Brief:
Scan the records below. List lines holding "obtain".

Source material:

(* Let $\mathcal{G}=\langle G_1,\dots,G_L\rangle$ be a non-strict temporal graph with vertex set $V$, $|V|=n$, in which every layer consists of exactly two components and no two consecutive layers have the same partition. If there are $1+\log_2 n$ consecutive free transitions (i.e., the transitions from step $j$ to step $j+1$ are free for all $j\in\{t,t+1,\dots,t+m-1\}$ with $m\ge 1+\log_2 n$ and $t+m\le L$), then for every $s\in V$ there is a non-strict exploration schedule starting at $s$.
   Context: A non-strict temporal graph $\mathcal{G}=\langle G_1,\dots,G_L\rangle$ with vertex set $V$ is a sequence of partitions $G_t$ of $V$ into components. A non-strict temporal walk starting at $v$ at time $t_1$ is a sequence of components $C_{t_1},\dots,C_{t_l}$ with $t_{j+1}=t_j+1$, $C_{t_j}\in G_{t_j}$, $C_{t_j}\cap C_{t_{j+1}}\neq\emptyset$, $v\in C_{t_1}$, $t_l\le L$; it visits $\bigcup_j C_{t_j}$. A non-strict exploration schedule starting at $s$ is such a walk starting at $s$ at time $1$ that visits all of $V$. For $G_i=\{A_i,B_i\}$, $G_{i+1}=\{A_{i+1},B_{i+1}\}$, the transition from step $i$ to $i+1$ is free if $A_i\cap A_{i+1}$, $A_i\cap B_{i+1}$, $B_i\cap A_{i+1}$, $B_i\cap B_{i+1}$ are all non-empty. *)

theory Defs
  imports Complex_Main
begin

text \<open>A non-strict temporal graph with vertex set V and lifetime L is modelled as a
function G from time steps to sets of components; only the layers G 1, ..., G L matter.\<close>

definition is_partition :: "'a set \<Rightarrow> 'a set set \<Rightarrow> bool" where
  "is_partition V P \<longleftrightarrow>
     (\<forall>C\<in>P. C \<noteq> {}) \<and> \<Union>P = V \<and> (\<forall>C\<in>P. \<forall>D\<in>P. C \<noteq> D \<longrightarrow> C \<inter> D = {})"

definition temporal_graph :: "'a set \<Rightarrow> nat \<Rightarrow> (nat \<Rightarrow> 'a set set) \<Rightarrow> bool" where
  "temporal_graph V L G \<longleftrightarrow> (\<forall>t\<in>{1..L}. is_partition V (G t))"

text \<open>A non-strict temporal walk starting at v at time t1 consisting of l components
C t1, C (t1+1), ..., C (t1+l-1) (indexed by absolute time).\<close>

definition nonstrict_walk ::
  "nat \<Rightarrow> (nat \<Rightarrow> 'a set set) \<Rightarrow> 'a \<Rightarrow> nat \<Rightarrow> nat \<Rightarrow> (nat \<Rightarrow> 'a set) \<Rightarrow> bool" where
  "nonstrict_walk L G v t1 l C \<longleftrightarrow>
     1 \<le> t1 \<and> 1 \<le> l \<and> t1 + l - 1 \<le> L \<and>
     (\<forall>j<l. C (t1 + j) \<in> G (t1 + j)) \<and>
     (\<forall>j. Suc j < l \<longrightarrow> C (t1 + j) \<inter> C (t1 + Suc j) \<noteq> {}) \<and>
     v \<in> C t1"

definition walk_visits :: "nat \<Rightarrow> nat \<Rightarrow> (nat \<Rightarrow> 'a set) \<Rightarrow> 'a set" where
  "walk_visits t1 l C = (\<Union>j<l. C (t1 + j))"

definition exploration_schedule ::
  "'a set \<Rightarrow> nat \<Rightarrow> (nat \<Rightarrow> 'a set set) \<Rightarrow> 'a \<Rightarrow> bool" where
  "exploration_schedule V L G s \<longleftrightarrow>
     (\<exists>l C. nonstrict_walk L G s 1 l C \<and> walk_visits 1 l C = V)"

definition free_transition :: "(nat \<Rightarrow> 'a set set) \<Rightarrow> nat \<Rightarrow> bool" where
  "free_transition G i \<longleftrightarrow>
     (\<exists>A B A' B'. G i = {A, B} \<and> G (Suc i) = {A', B'} \<and>
        A \<inter> A' \<noteq> {} \<and> A \<inter> B' \<noteq> {} \<and> B \<inter> A' \<noteq> {} \<and> B \<inter> B' \<noteq> {})"

end

theory Submission
  imports Defs
begin

text \<open>Walk greedily from s until the window of free transitions begins. Across a free
transition the current component meets both components of the next layer, so the walk may
enter whichever of the two contains at least half of the still unvisited vertices. After m
free transitions fewer than n / 2^m < 1 vertices remain unvisited.\<close>

lemma temporal_graph_component:
  assumes "temporal_graph V L G" "i \<in> {1..L}" "D \<in> G i"
  shows "D \<subseteq> V" "D \<noteq> {}"
  using assms unfolding temporal_graph_def is_partition_def by auto

lemma temporal_graph_cover:
  assumes "temporal_graph V L G" "i \<in> {1..L}"
  shows "\<Union>(G i) = V"
  using assms unfolding temporal_graph_def is_partition_def by auto

lemma nonstrict_walk_last:
  assumes "nonstrict_walk L G v t1 l C"
  shows "C (t1 + l - 1) \<in> G (t1 + l - 1)"
proof -
  have comps: "\<forall>j<l. C (t1 + j) \<in> G (t1 + j)" and "1 \<le> l"
    using assms unfolding nonstrict_walk_def by auto
  then have "l - 1 < l" "t1 + (l - 1) = t1 + l - 1"
    by simp_all
  then show ?thesis
    using comps by metis
qed

lemma nonstrict_walk_snoc:
  assumes walk: "nonstrict_walk L G v t1 l C"
    and D: "D \<in> G (t1 + l)" "C (t1 + l - 1) \<inter> D \<noteq> {}" "t1 + l \<le> L"
  shows "nonstrict_walk L G v t1 (Suc l) (C(t1 + l := D))"
  unfolding nonstrict_walk_def
proof (intro conjI allI impI)
  let ?C = "C(t1 + l := D)"
  show "1 \<le> t1" "1 \<le> Suc l" "t1 + Suc l - 1 \<le> L" "v \<in> ?C t1"
    using walk D(3) unfolding nonstrict_walk_def by auto
  show "?C (t1 + j) \<in> G (t1 + j)" if "j < Suc l" for j
    using walk D(1) that unfolding nonstrict_walk_def by (cases "j = l") auto
  show "?C (t1 + j) \<inter> ?C (t1 + Suc j) \<noteq> {}" if "Suc j < Suc l" for j
  proof (cases "Suc j = l")
    case True
    then show ?thesis using D(2) by auto
  next
    case False
    then show ?thesis using walk that unfolding nonstrict_walk_def by auto
  qed
qed

lemma walk_visits_snoc:
  "walk_visits t1 (Suc l) (C(t1 + l := D)) = walk_visits t1 l C \<union> D"
  unfolding walk_visits_def lessThan_Suc by auto

lemma walk_visits_subset:
  assumes "temporal_graph V L G" "nonstrict_walk L G v t1 l C"
  shows "walk_visits t1 l C \<subseteq> V"
proof
  fix x assume "x \<in> walk_visits t1 l C"
  then obtain j where "j < l" "x \<in> C (t1 + j)"
    unfolding walk_visits_def by auto
  moreover from \<open>j < l\<close> have "t1 + j \<in> {1..L}" "C (t1 + j) \<in> G (t1 + j)"
    using assms(2) unfolding nonstrict_walk_def by auto
  ultimately show "x \<in> V"
    using temporal_graph_component(1)[OF assms(1)] by blast
qed

lemma nonstrict_walk_exists:
  assumes graph: "temporal_graph V L G" and "v \<in> V" "1 \<le> t1" "1 \<le> l" "t1 + l - 1 \<le> L"
  shows "\<exists>C. nonstrict_walk L G v t1 l C"
  using assms(4,5)
proof (induction l rule: nat_induct_at_least)
  case base
  obtain D where "D \<in> G t1" "v \<in> D"
    using temporal_graph_cover[OF graph, of t1] \<open>v \<in> V\<close> \<open>1 \<le> t1\<close> base by auto
  then have "nonstrict_walk L G v t1 1 (\<lambda>_. D)"
    using \<open>1 \<le> t1\<close> base unfolding nonstrict_walk_def by auto
  then show ?case by blast
next
  case (Suc l)
  then have "t1 + l - 1 \<le> L" by simp
  then obtain C where walk: "nonstrict_walk L G v t1 l C" using Suc.IH by blast
  have "t1 + l - 1 \<in> {1..L}" using Suc \<open>1 \<le> t1\<close> by auto
  then obtain x where x: "x \<in> C (t1 + l - 1)" "x \<in> V"
    using temporal_graph_component[OF graph _ nonstrict_walk_last[OF walk]] by blast
  have "t1 + l \<in> {1..L}" using Suc \<open>1 \<le> t1\<close> by auto
  then obtain D where "D \<in> G (t1 + l)" "x \<in> D"
    using temporal_graph_cover[OF graph] x(2) by blast
  then have "C (t1 + l - 1) \<inter> D \<noteq> {}" using x(1) by blast
  then show ?case
    using nonstrict_walk_snoc[OF walk \<open>D \<in> G (t1 + l)\<close>] Suc.prems by auto
qed

lemma free_transition_meets:
  assumes "free_transition G i" "C \<in> G i" "D \<in> G (Suc i)"
  shows "C \<inter> D \<noteq> {}"
proof -
  obtain A B A' B' where layers: "G i = {A, B}" "G (Suc i) = {A', B'}"
    and meets: "A \<inter> A' \<noteq> {}" "A \<inter> B' \<noteq> {}" "B \<inter> A' \<noteq> {}" "B \<inter> B' \<noteq> {}"
    using assms(1) unfolding free_transition_def by (elim exE conjE) (rule that)
  have "C = A \<or> C = B" "D = A' \<or> D = B'"
    using assms(2,3) unfolding layers by simp_all
  then show ?thesis
    using meets by blast
qed

lemma two_cover_halves:
  fixes U A B :: "'a set"
  assumes "finite U" "U \<subseteq> A \<union> B"
  shows "\<exists>D\<in>{A, B}. 2 * card (U - D) \<le> card U"
proof -
  have "card (U - A) + card (U - B) = card ((U - A) \<union> (U - B))"
    using assms by (intro card_Un_disjoint[symmetric]) auto
  also have "\<dots> \<le> card U"
    using assms(1) by (intro card_mono) auto
  finally show ?thesis by auto
qed

lemma free_transition_halving_component:
  assumes "temporal_graph V L G" "Suc i \<in> {1..L}" "free_transition G i"
    and "finite U" "U \<subseteq> V"
  shows "\<exists>D\<in>G (Suc i). 2 * card (U - D) \<le> card U"
proof -
  obtain A B where "G (Suc i) = {A, B}"
    using assms(3) unfolding free_transition_def by (elim exE conjE) (rule that)
  moreover have "U \<subseteq> A \<union> B"
    using temporal_graph_cover[OF assms(1,2)] assms(5) calculation by auto
  ultimately show ?thesis
    using two_cover_halves[OF assms(4)] by simp
qed

lemma free_window_walk:
  assumes graph: "temporal_graph V L G" and "finite V" "v \<in> V" "1 \<le> t" "t + k \<le> L"
    and "\<forall>j\<in>{t..<t+k}. free_transition G j"
  shows "\<exists>C. nonstrict_walk L G v 1 (t + k) C
           \<and> card (V - walk_visits 1 (t + k) C) * 2 ^ k \<le> card V"
  using assms(5,6)
proof (induction k)
  case 0
  then obtain C where "nonstrict_walk L G v 1 t C"
    using nonstrict_walk_exists[OF graph \<open>v \<in> V\<close>, of 1 t] \<open>1 \<le> t\<close> by auto
  moreover have "card (V - walk_visits 1 t C) \<le> card V"
    using \<open>finite V\<close> by (simp add: card_mono)
  ultimately show ?case by auto
next
  case (Suc k)
  then obtain C where walk: "nonstrict_walk L G v 1 (t + k) C"
    and bound: "card (V - walk_visits 1 (t + k) C) * 2 ^ k \<le> card V"
    by auto
  define U where "U = V - walk_visits 1 (t + k) C"
  have free: "free_transition G (t + k)" and next_step: "Suc (t + k) \<in> {1..L}"
    using Suc.prems by auto
  obtain D where D: "D \<in> G (Suc (t + k))" "2 * card (U - D) \<le> card U"
    using free_transition_halving_component[OF graph next_step free, of U]
      \<open>finite V\<close> U_def by auto
  define C' where "C' = C(Suc (t + k) := D)"
  have "C (t + k) \<inter> D \<noteq> {}"
    using free_transition_meets[OF free _ D(1)] nonstrict_walk_last[OF walk] by simp
  then have "nonstrict_walk L G v 1 (t + Suc k) C'"
    using nonstrict_walk_snoc[OF walk, of D] D(1) next_step C'_def by simp
  moreover have "V - walk_visits 1 (t + Suc k) C' = U - D"
    using walk_visits_snoc[of 1 "t + k" C D] U_def C'_def by auto
  moreover have "card (U - D) * 2 ^ Suc k \<le> card V"
  proof -
    have "card (U - D) * 2 ^ Suc k = 2 * card (U - D) * 2 ^ k" by simp
    also have "\<dots> \<le> card U * 2 ^ k" using D(2) by (rule mult_le_mono1)
    also have "\<dots> \<le> card V" using bound U_def by simp
    finally show ?thesis .
  qed
  ultimately show ?case by auto
qed

lemma less_power2_of_log2_less:
  fixes n m :: nat
  assumes "0 < n" "log 2 (real n) < real m"
  shows "n < 2 ^ m"
proof -
  have "real n < 2 powr real m" using assms by (simp add: log_less_iff)
  then show ?thesis by (simp add: powr_realpow)
qed

theorem lemma5:
  fixes V :: "'a set" and G :: "nat \<Rightarrow> 'a set set" and L t m :: nat and s :: 'a
  assumes "finite V"
    and "temporal_graph V L G"
    and "\<forall>i\<in>{1..L}. card (G i) = 2"
    and "\<forall>i. 1 \<le> i \<and> i < L \<longrightarrow> G i \<noteq> G (Suc i)"
    and "1 \<le> t"
    and "real m \<ge> 1 + log 2 (real (card V))"
    and "t + m \<le> L"
    and "\<forall>j\<in>{t..<t+m}. free_transition G j"
    and "s \<in> V"
  shows "exploration_schedule V L G s"
proof -
  obtain C where walk: "nonstrict_walk L G s 1 (t + m) C"
    and bound: "card (V - walk_visits 1 (t + m) C) * 2 ^ m \<le> card V"
    using free_window_walk[OF assms(2,1,9,5,7,8)] by blast
  have "0 < card V"
    using assms(1,9) card_gt_0_iff by blast
  moreover have "log 2 (real (card V)) < real m"
    using assms(6) by simp
  ultimately have "card V < 2 ^ m"
    by (rule less_power2_of_log2_less)
  then have "card (V - walk_visits 1 (t + m) C) = 0"
    using bound by (cases "card (V - walk_visits 1 (t + m) C)") auto
  then have "walk_visits 1 (t + m) C = V"
    using walk_visits_subset[OF assms(2) walk] assms(1) by auto
  then show ?thesis
    unfolding exploration_schedule_def using walk by blast
qed

end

Reply:
  then obtain j where "j < l" "x \<in> C (t1 + j)"
  obtain D where "D \<in> G t1" "v \<in> D"
  then obtain C where walk: "nonstrict_walk L G v t1 l C" using Suc.IH by blast
  then obtain x where x: "x \<in> C (t1 + l - 1)" "x \<in> V"
  then obtain D where "D \<in> G (t1 + l)" "x \<in> D"
  obtain A B A' B' where layers: "G i = {A, B}" "G (Suc i) = {A', B'}"
  obtain A B where "G (Suc i) = {A, B}"
  then obtain C where "nonstrict_walk L G v 1 t C"
  then obtain C where walk: "nonstrict_walk L G v 1 (t + k) C"
  obtain D where D: "D \<in> G (Suc (t + k))" "2 * card (U - D) \<le> card U"
  obtain C where walk: "nonstrict_walk L G s 1 (t + m) C"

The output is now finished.